Tuesday, May 18, 2010

Sister

Sister, I didn't think you'd cry. I turned to express my pleasure over the utility of the bag I got for free and you were a red face melting.
That's all I needed, your honest feeling, to carry me to our hours running forest park, talking people, sharing what we couldn't brag to anyone else.
"Meet me in my apartment--7am"
You would be late, but I wouldn't be ready.
One text, "Can you talk?" and I'd climb the stairs to 6B, sit on your leather pillow puffs and blubber and cry.
It was so much--the pleasure of being an opinion you respect. You would say, "Mmm. that's true." And, I felt important to you sister. I could bring mind and emotion to the naked soul you shared with me.
There was me, chuckling to myself and an empty car when something little--needing the car for errands--would frazzle you. You who earned "Dependable and steady" as adjectives from Jariel and "A rock" as a noun from Mama.

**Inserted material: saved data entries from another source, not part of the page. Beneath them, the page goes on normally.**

lemma no_return_within_sets [measurable]: "no_return_within m \<in> sets seq_space"
proof -
  have "no_return_within m = {f\<in>space seq_space. \<forall>j\<in>{1..m}. (\<Sum>i<j. real_of_int (f i)) \<noteq> 0}"
    unfolding no_return_within_def partial_sum_def space_seq_space by (simp flip: of_int_sum)
  also have "\<dots> \<in> sets seq_space" by measurable
  finally show ?thesis .
qed

lemma decseq_no_return_within: "decseq no_return_within"
  unfolding decseq_def no_return_within_def by auto

lemma INT_no_return_within: "(\<Inter>m. no_return_within m) = no_return"
  unfolding no_return_def no_return_within_def by (auto intro: atLeastAtMost_iff[THEN iffD2])

lemma partial_sum_shift_seq: "partial_sum (shift_seq k x) j = partial_sum x (k + j) - partial_sum x k"
  unfolding partial_sum_def by (induction j) (simp_all add: shift_seq_def)

lemma birkhoff_sum_indicator:
  "birkhoff_sum (indicator A) n x = real (card {k\<in>{..<n}. shift_seq k x \<in> A})"
  unfolding birkhoff_sum_def by (simp add: indicator_def sum.If_cases Int_def)

lemma card_filter_atLeastAtMost_le:
  fixes n :: nat
  shows "card {k\<in>{1..n}. P k} \<le> card {k\<in>{..<n}. P k} + 1"
proof -
  have "{k\<in>{1..n}. P k} \<subseteq> insert n {k\<in>{..<n}. P k}" by auto
  then show ?thesis using card_mono[of "insert n {k\<in>{..<n}. P k}"] card_insert_le_m1 by fastforce
qed

lemma card_filter_lessThan_le:
  fixes n :: nat
  shows "card {k\<in>{..<n}. P k} \<le> card {k\<in>{1..n}. P k} + 1"
proof -
  have "{k\<in>{..<n}. P k} \<subseteq> insert 0 {k\<in>{1..n}. P k}" by auto
  then show ?thesis using card_mono[of "insert 0 {k\<in>{1..n}. P k}"] card_insert_le_m1 by fastforce
qed

text \<open>A time after which the walk never returns to the current site is the last visit to that site.\<close>
lemma card_no_return_le_card_range:
  "card {k\<in>{1..n}. shift_seq k x \<in> no_return} \<le> card (partial_sum x ` {1..n})"
proof -
  let ?K = "{k\<in>{1..n}. shift_seq k x \<in> no_return}"
  have "inj_on (partial_sum x) ?K"
  proof (rule inj_onI, rule ccontr)
    fix k k' assume k: "k \<in> ?K" and k': "k' \<in> ?K" and eq: "partial_sum x k = partial_sum x k'"
      and "k \<noteq> k'"
    then consider "k < k'" | "k' < k" by linarith
    then show False
    proof cases
      case 1
      then have "partial_sum (shift_seq k x) (k' - k) \<noteq> 0" using k unfolding no_return_def by auto
      then show False using eq 1 by (simp add: partial_sum_shift_seq)
    next
      case 2
      then have "partial_sum (shift_seq k' x) (k - k') \<noteq> 0" using k' unfolding no_return_def by auto
      then show False using eq 2 by (simp add: partial_sum_shift_seq)
    qed
  qed
  then have "card ?K = card (partial_sum x ` ?K)" by (simp add: card_image)
  also have "\<dots> \<le> card (partial_sum x ` {1..n})" by (intro card_mono) auto
  finally show ?thesis .
qed

lemma image_partial_sum_last_visits:
  "partial_sum x ` {1..n}
     \<subseteq> partial_sum x ` {k\<in>{1..n}. \<forall>k'\<in>{k<..n}. partial_sum x k' \<noteq> partial_sum x k}"
proof
  fix s assume "s \<in> partial_sum x ` {1..n}"
  then obtain k where k: "k \<in> {1..n}" "s = partial_sum x k" by blast
  define T where "T = {k'\<in>{1..n}. partial_sum x k' = partial_sum x k}"
  have fin_T: "finite T" and "T \<noteq> {}" unfolding T_def using k by auto
  then have max_T: "Max T \<in> T" by (rule Max_in)
  have "Max T \<in> {k\<in>{1..n}. \<forall>k'\<in>{k<..n}. partial_sum x k' \<noteq> partial_sum x k}"
  proof (intro CollectI conjI ballI)
    show "Max T \<in> {1..n}" using max_T unfolding T_def by auto
    fix k' assume k': "k' \<in> {Max T<..n}"
    show "partial_sum x k' \<noteq> partial_sum x (Max T)"
    proof
      assume "partial_sum x k' = partial_sum x (Max T)"
      then have "k' \<in> T" using max_T k' unfolding T_def by auto
      then show False using Max_ge[OF fin_T, of k'] k' by auto
    qed
  qed
  moreover have "partial_sum x (Max T) = s" using max_T k unfolding T_def by auto
  ultimately show "s \<in> partial_sum x ` {k\<in>{1..n}. \<forall>k'\<in>{k<..n}. partial_sum x k' \<noteq> partial_sum x k}"
    by blast
qed

text \<open>A site of the range is counted by its last visit before time \<open>n\<close>; only the last \<open>m\<close> such
  visits can fail to be followed by \<open>m\<close> steps without return.\<close>
lemma card_range_le_card_no_return_within:
  "card (partial_sum x ` {1..n}) \<le> card {k\<in>{1..n}. shift_seq k x \<in> no_return_within m} + m"
proof -
  define last_visits where "last_visits = {k\<in>{1..n}. \<forall>k'\<in>{k<..n}. partial_sum x k' \<noteq> partial_sum x k}"
  have "card (partial_sum x ` {1..n}) \<le> card (partial_sum x ` last_visits)"
    using image_partial_sum_last_visits by (intro card_mono) (auto simp: last_visits_def)
  also have "\<dots> \<le> card last_visits"
    by (rule card_image_le) (simp add: last_visits_def)
  also have "\<dots> \<le> card ({k\<in>{1..n}. shift_seq k x \<in> no_return_within m} \<union> {n - m<..n})"
  proof (rule card_mono)
    show "last_visits \<subseteq> {k\<in>{1..n}. shift_seq k x \<in> no_return_within m} \<union> {n - m<..n}"
    proof
      fix k assume k: "k \<in> last_visits"
      then have "k + m \<le> n \<Longrightarrow> shift_seq k x \<in> no_return_within m"
        unfolding last_visits_def no_return_within_def by (auto simp: partial_sum_shift_seq)
      then show "k \<in> {k\<in>{1..n}. shift_seq k x \<in> no_return_within m} \<union> {n - m<..n}"
        using k unfolding last_visits_def by (cases "k + m \<le> n") auto
    qed
  qed simp
  also have "\<dots> \<le> card {k\<in>{1..n}. shift_seq k x \<in> no_return_within m} + m"
    using card_Un_le[of "{k\<in>{1..n}. shift_seq k x \<in> no_return_within m}" "{n - m<..n}"] by simp
  finally show ?thesis .
qed

lemma range_ratio_bounds:
  shows "birkhoff_sum (indicator no_return) n x / real n - 1 / real n
           \<le> real (card (partial_sum x ` {1..n})) / real n"
    and "real (card (partial_sum x ` {1..n})) / real n
           \<le> birkhoff_sum (indicator (no_return_within m)) n x / real n + (1 + real m) / real n"
proof -
  have "birkhoff_sum (indicator no_return) n x \<le> real (card (partial_sum x ` {1..n})) + 1"
    unfolding birkhoff_sum_indicator
    using card_filter_lessThan_le[of n "\<lambda>k. shift_seq k x \<in> no_return"] card_no_return_le_card_range[of n x]
    by linarith
  then show "birkhoff_sum (indicator no_return) n x / real n - 1 / real n
      \<le> real (card (partial_sum x ` {1..n})) / real n"
    by (simp add: diff_divide_distrib[symmetric] divide_right_mono)
  have "real (card (partial_sum x ` {1..n})) \<le> birkhoff_sum (indicator (no_return_within m)) n x + (1 + real m)"
    unfolding birkhoff_sum_indicator
    using card_filter_atLeastAtMost_le[of n "\<lambda>k. shift_seq k x \<in> no_return_within m"]
      card_range_le_card_no_return_within[of x n m]
    by linarith
  then show "real (card (partial_sum x ` {1..n})) / real n
      \<le> birkhoff_sum (indicator (no_return_within m)) n x / real n + (1 + real m) / real n"
    by (simp add: add_divide_distrib[symmetric] divide_right_mono)
qed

My words to describe you are honest, focused tranquility with splatters of human mistake.
Your eyes draw anything I feel out of me--the snot, the eye-rain, and the jubilant explosions you fear would cause turmoil if released to the world at large.
What if our eyes have a password, a specific color of iris they recognize. If your patterns of ocean, forest-green, and mineral soil are specific for the soul behind my eyes. Your gaze reaches my direction and "access granted." Except, you don't even have to step inside because the door to my soul is a dam holding back antsy toddlers--fear, pride, exuberance, and despair--that run at you uninhibited, craving the contact of the Toria-Sister who released them?
That is a little bit of what you do for me.